Task to complete: Filter the entries below, keeping every line that has the word "assumes".
-- Material for the task follows --
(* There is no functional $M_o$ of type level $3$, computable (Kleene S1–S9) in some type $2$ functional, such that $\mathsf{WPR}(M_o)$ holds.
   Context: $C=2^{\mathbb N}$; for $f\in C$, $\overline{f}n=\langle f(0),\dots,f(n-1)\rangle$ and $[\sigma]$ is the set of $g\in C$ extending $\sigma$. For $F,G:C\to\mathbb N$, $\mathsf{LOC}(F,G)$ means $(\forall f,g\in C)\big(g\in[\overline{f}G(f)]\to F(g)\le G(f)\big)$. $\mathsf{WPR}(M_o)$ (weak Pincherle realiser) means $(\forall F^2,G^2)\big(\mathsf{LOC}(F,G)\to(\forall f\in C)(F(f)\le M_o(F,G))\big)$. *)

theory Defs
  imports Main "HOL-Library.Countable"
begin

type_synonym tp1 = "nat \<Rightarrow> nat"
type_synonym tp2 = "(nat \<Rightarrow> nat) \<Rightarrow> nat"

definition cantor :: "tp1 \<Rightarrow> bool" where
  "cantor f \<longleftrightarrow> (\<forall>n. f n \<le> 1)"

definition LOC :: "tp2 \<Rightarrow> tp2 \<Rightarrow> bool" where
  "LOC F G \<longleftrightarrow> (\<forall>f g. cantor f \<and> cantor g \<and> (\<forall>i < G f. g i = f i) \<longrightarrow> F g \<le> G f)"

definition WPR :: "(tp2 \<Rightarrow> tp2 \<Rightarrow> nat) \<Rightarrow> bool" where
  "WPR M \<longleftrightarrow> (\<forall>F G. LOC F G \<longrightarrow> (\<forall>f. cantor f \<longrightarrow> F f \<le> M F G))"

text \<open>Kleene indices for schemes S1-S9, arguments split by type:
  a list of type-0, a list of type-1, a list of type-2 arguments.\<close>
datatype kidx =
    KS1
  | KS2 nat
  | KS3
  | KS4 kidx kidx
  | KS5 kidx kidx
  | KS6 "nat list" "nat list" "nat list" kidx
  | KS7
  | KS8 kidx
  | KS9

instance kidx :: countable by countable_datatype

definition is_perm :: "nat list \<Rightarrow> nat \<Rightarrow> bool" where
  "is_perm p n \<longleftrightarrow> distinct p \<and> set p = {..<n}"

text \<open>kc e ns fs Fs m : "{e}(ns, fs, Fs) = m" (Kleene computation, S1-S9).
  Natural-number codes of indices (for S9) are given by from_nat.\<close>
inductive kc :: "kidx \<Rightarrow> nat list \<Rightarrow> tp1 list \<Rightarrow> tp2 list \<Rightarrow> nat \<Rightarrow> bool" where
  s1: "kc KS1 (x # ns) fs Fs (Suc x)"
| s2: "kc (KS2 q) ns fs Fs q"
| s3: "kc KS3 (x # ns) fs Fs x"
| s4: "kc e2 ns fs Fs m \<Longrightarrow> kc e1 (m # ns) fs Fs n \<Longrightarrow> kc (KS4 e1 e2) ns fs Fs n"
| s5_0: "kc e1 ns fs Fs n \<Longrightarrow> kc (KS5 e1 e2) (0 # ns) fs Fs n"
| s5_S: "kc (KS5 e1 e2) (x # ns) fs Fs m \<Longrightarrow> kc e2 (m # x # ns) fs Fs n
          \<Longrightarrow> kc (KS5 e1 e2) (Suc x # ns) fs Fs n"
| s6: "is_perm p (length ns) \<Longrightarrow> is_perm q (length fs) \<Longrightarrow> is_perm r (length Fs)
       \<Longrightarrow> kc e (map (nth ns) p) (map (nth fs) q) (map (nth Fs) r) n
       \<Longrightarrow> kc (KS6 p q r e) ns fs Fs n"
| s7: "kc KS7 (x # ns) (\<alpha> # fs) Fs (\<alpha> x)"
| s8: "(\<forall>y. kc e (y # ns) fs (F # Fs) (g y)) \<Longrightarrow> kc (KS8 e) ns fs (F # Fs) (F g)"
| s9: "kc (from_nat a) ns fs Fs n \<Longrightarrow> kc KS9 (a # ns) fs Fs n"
-- Material for the task concluded --
-- Material for the task follows --
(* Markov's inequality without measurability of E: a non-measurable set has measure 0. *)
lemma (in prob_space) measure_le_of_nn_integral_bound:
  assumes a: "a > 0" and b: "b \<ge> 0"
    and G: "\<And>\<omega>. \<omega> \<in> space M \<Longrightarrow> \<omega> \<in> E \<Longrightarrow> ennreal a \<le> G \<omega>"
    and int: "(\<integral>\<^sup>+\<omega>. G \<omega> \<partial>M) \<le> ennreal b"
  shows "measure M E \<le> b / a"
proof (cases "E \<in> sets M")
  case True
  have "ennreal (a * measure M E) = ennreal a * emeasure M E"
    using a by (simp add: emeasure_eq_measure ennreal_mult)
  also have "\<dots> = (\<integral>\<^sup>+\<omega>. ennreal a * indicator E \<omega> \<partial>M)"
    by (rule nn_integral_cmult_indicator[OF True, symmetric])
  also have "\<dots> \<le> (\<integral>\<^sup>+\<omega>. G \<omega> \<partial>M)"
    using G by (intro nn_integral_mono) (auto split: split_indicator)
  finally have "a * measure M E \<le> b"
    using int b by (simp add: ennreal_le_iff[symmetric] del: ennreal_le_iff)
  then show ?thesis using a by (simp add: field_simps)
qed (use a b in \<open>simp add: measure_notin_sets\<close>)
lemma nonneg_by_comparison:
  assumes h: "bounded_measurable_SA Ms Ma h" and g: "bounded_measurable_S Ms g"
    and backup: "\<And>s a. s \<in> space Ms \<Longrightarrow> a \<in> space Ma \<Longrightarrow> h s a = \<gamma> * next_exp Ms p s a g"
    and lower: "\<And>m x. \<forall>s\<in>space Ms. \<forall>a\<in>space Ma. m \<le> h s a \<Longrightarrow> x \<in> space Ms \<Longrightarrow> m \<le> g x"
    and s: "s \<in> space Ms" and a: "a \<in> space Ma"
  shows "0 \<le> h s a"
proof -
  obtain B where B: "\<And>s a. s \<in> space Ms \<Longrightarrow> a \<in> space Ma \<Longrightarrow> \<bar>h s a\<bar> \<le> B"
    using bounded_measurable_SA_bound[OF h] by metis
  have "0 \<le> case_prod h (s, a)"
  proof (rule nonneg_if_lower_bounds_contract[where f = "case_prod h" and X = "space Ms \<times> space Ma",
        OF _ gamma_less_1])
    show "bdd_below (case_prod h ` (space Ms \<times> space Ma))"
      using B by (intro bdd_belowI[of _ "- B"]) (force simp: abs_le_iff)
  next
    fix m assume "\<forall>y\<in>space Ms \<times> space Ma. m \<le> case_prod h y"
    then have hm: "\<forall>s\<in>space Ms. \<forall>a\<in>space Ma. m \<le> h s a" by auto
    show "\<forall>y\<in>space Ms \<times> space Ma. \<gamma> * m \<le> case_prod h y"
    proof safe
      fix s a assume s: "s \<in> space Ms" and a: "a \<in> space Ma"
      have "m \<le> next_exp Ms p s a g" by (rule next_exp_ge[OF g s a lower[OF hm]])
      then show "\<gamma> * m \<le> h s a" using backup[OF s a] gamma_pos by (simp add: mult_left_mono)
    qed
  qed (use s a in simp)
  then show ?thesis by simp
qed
-- Material for the task concluded --
Task output:
  assumes a: "a > 0" and b: "b \<ge> 0"
  assumes h: "bounded_measurable_SA Ms Ma h" and g: "bounded_measurable_S Ms g"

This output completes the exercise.